====== Given records ======

section \<open>Inverse matrices of formal power series\<close>

text \<open>Coefficient \<open>t\<close> of \<open>A R = 1\<close>, with \<open>A\<close> having constant term \<open>1\<close>, determines
  coefficient \<open>t\<close> of \<open>R\<close> from the lower ones.\<close>
function fps_right_inverse_coeff :: "('i \<Rightarrow> 'i \<Rightarrow> 'b::ring_1 fps) \<Rightarrow> 'i set \<Rightarrow> nat \<Rightarrow> 'i \<Rightarrow> 'i \<Rightarrow> 'b" where
  "fps_right_inverse_coeff A I t x y = (if t = 0 then (if x = y then 1 else 0)
     else - (\<Sum>w\<in>I. \<Sum>p\<in>{1..t}. fps_nth (A x w) p * fps_right_inverse_coeff A I (t - p) w y))"
  by auto
termination by (relation "measure (\<lambda>(A, I, t, x, y). t)") auto

declare fps_right_inverse_coeff.simps [simp del]

lemma fps_matrix_right_inverse:
  fixes A :: "'i \<Rightarrow> 'i \<Rightarrow> 'b::ring_1 fps"
  assumes fin: "finite I"
    and A0: "\<And>x y. x \<in> I \<Longrightarrow> y \<in> I \<Longrightarrow> fps_nth (A x y) 0 = (if x = y then 1 else 0)"
  obtains R where "\<And>x y. fps_nth (R x y) 0 = (if x = y then 1 else 0)"
    and "\<And>x y. x \<in> I \<Longrightarrow> y \<in> I \<Longrightarrow> (\<Sum>c\<in>I. A x c * R c y) = (if x = y then 1 else 0)"
proof
  define R where "R x y = Abs_fps (\<lambda>t. fps_right_inverse_coeff A I t x y)" for x y
  show "fps_nth (R x y) 0 = (if x = y then 1 else 0)" for x y
    by (simp add: R_def fps_right_inverse_coeff.simps)
  fix x y assume x: "x \<in> I" and y: "y \<in> I"
  show "(\<Sum>c\<in>I. A x c * R c y) = (if x = y then 1 else 0)"
  proof (rule fps_ext)
    fix t
    have "fps_nth (\<Sum>c\<in>I. A x c * R c y) t
        = (\<Sum>c\<in>I. fps_nth (A x c) 0 * fps_right_inverse_coeff A I t c y)
          + (\<Sum>c\<in>I. \<Sum>p\<in>{1..t}. fps_nth (A x c) p * fps_right_inverse_coeff A I (t - p) c y)"
      by (simp add: R_def fps_sum_nth fps_mult_nth sum.atLeast_Suc_atMost sum.distrib)
    also have "\<dots> = fps_right_inverse_coeff A I t x y
          + (\<Sum>c\<in>I. \<Sum>p\<in>{1..t}. fps_nth (A x c) p * fps_right_inverse_coeff A I (t - p) c y)"
      using A0 x fin by (simp add: sum_mult_delta_left cong: sum.cong)
    also have "\<dots> = fps_nth (if x = y then 1 else 0) t"
      by (cases "t = 0") (simp_all add: fps_right_inverse_coeff.simps[of A I _ x y])
    finally show "fps_nth (\<Sum>c\<in>I. A x c * R c y) t = fps_nth (if x = y then 1 else 0) t" .
  qed
qed

lemma fps_matrix_inverse:
  fixes A :: "'i \<Rightarrow> 'i \<Rightarrow> 'b::ring_1 fps"
  assumes fin: "finite I"
    and A0: "\<And>x y. x \<in> I \<Longrightarrow> y \<in> I \<Longrightarrow> fps_nth (A x y) 0 = (if x = y then 1 else 0)"
  obtains B where "\<And>x y. x \<in> I \<Longrightarrow> y \<in> I \<Longrightarrow> (\<Sum>c\<in>I. A x c * B c y) = (if x = y then 1 else 0)"
    and "\<And>x y. x \<in> I \<Longrightarrow> y \<in> I \<Longrightarrow> (\<Sum>c\<in>I. B x c * A c y) = (if x = y then 1 else 0)"
proof -
  obtain R where R0: "\<And>x y. fps_nth (R x y) 0 = (if x = y then 1 else 0)"
    and AR: "\<And>x y. x \<in> I \<Longrightarrow> y \<in> I \<Longrightarrow> (\<Sum>c\<in>I. A x c * R c y) = (if x = y then 1 else 0)"
    using fps_matrix_right_inverse[OF fin A0] by metis
  obtain R' where RR': "\<And>x y. x \<in> I \<Longrightarrow> y \<in> I \<Longrightarrow> (\<Sum>c\<in>I. R x c * R' c y) = (if x = y then 1 else 0)"
    using fps_matrix_right_inverse[where A = R, OF fin R0] by metis
  \<comment> \<open>\<open>A = A (R R') = (A R) R' = R'\<close>, so \<open>R\<close> is also a left inverse.\<close>
  have "R' x y = A x y" if "x \<in> I" "y \<in> I" for x y
  proof -
    have "A x y = (\<Sum>c\<in>I. A x c * (if c = y then 1 else 0))"
      using that fin by (simp add: sum_mult_delta_right)
    also have "\<dots> = (\<Sum>c\<in>I. A x c * (\<Sum>e\<in>I. R c e * R' e y))"
      using RR' that by (intro sum.cong) simp_all
    also have "\<dots> = (\<Sum>e\<in>I. (\<Sum>c\<in>I. A x c * R c e) * R' e y)"
      by (rule sum_mult_sum_assoc)
    also have "\<dots> = (\<Sum>e\<in>I. (if x = e then 1 else 0) * R' e y)"
      using AR that by (intro sum.cong) simp_all
    also have "\<dots> = R' x y"
      using that fin by (simp add: sum_mult_delta_left)
    finally show ?thesis ..
  qed
  then have "(\<Sum>c\<in>I. R x c * A c y) = (if x = y then 1 else 0)" if "x \<in> I" "y \<in> I" for x y
    using RR'[OF that] that by (simp cong: sum.cong)
  with AR show thesis by (rule that)
qed

lemma is_inv_minor_unique:
  assumes "is_inv_minor k A p q B1" and "is_inv_minor k A p q B2"
  shows "B1 = B2"
proof (intro ext)
  fix x y
  let ?P = "{1..k} - {p}" and ?Q = "{1..k} - {q}"
  show "B1 x y = B2 x y"
  proof (cases "x \<in> ?Q \<and> y \<in> ?P")
    case True
    have "B1 x y = (\<Sum>c\<in>?P. B1 x c * (\<Sum>e\<in>?Q. A c e * B2 e y))"
      using assms(2) True by (simp add: is_inv_minor_def sum_mult_delta_right)
    also have "\<dots> = B2 x y"
      using assms(1) True by (simp add: is_inv_minor_def sum_mult_sum_assoc sum_mult_delta_left)
    finally show ?thesis .
  next
    case False
    with assms show ?thesis by (simp add: is_inv_minor_def)
  qed
qed

lemma quasidet_eq_schur_complement:
  fixes A :: "nat \<Rightarrow> nat \<Rightarrow> 'b::ring_1 fps"
  assumes A0: "\<And>x y. x \<in> {1..m} \<Longrightarrow> y \<in> {1..m} \<Longrightarrow> fps_nth (A x y) 0 = (if x = y then 1 else 0)"
  obtains B where "\<And>x y. x \<in> {1..m} \<Longrightarrow> y \<in> {1..m} \<Longrightarrow> (\<Sum>c\<in>{1..m}. A x c * B c y) = (if x = y then 1 else 0)"
    and "\<And>x y. x \<in> {1..m} \<Longrightarrow> y \<in> {1..m} \<Longrightarrow> (\<Sum>c\<in>{1..m}. B x c * A c y) = (if x = y then 1 else 0)"
    and "quasidet (Suc m) A (Suc m) (Suc m)
           = A (Suc m) (Suc m) - (\<Sum>e\<in>{1..m}. \<Sum>f\<in>{1..m}. A (Suc m) e * B e f * A f (Suc m))"
proof -
  let ?I = "{1..m}"
  obtain B0 where AB: "\<And>x y. x \<in> ?I \<Longrightarrow> y \<in> ?I \<Longrightarrow> (\<Sum>c\<in>?I. A x c * B0 c y) = (if x = y then 1 else 0)"
    and BA: "\<And>x y. x \<in> ?I \<Longrightarrow> y \<in> ?I \<Longrightarrow> (\<Sum>c\<in>?I. B0 x c * A c y) = (if x = y then 1 else 0)"
    using fps_matrix_inverse[OF _ A0] by blast
  define B where "B x y = (if x \<in> ?I \<and> y \<in> ?I then B0 x y else 0)" for x y
  have AB': "(\<Sum>c\<in>?I. A x c * B c y) = (if x = y then 1 else 0)" if "x \<in> ?I" "y \<in> ?I" for x y
    using AB[OF that] that by (simp add: B_def)
  have BA': "(\<Sum>c\<in>?I. B x c * A c y) = (if x = y then 1 else 0)" if "x \<in> ?I" "y \<in> ?I" for x y
    using BA[OF that] that by (simp add: B_def)
  have minor: "{1..Suc m} - {Suc m} = ?I" by auto
  have "is_inv_minor (Suc m) A (Suc m) (Suc m) B"
    unfolding is_inv_minor_def minor using AB' BA' by (simp add: B_def)
  then have "(THE B. is_inv_minor (Suc m) A (Suc m) (Suc m) B) = B"
    using is_inv_minor_unique by blast
  then have "quasidet (Suc m) A (Suc m) (Suc m)
      = A (Suc m) (Suc m) - (\<Sum>e\<in>?I. \<Sum>f\<in>?I. A (Suc m) e * B e f * A f (Suc m))"
    unfolding quasidet_def minor by simp
  with AB' BA' show thesis by (rule that)
qed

======

Task statement:
Out of the records, collect only those lines that contain the string "cong".

Response box:
      using A0 x fin by (simp add: sum_mult_delta_left cong: sum.cong)
      using RR' that by (intro sum.cong) simp_all
      using AR that by (intro sum.cong) simp_all
    using RR'[OF that] that by (simp cong: sum.cong)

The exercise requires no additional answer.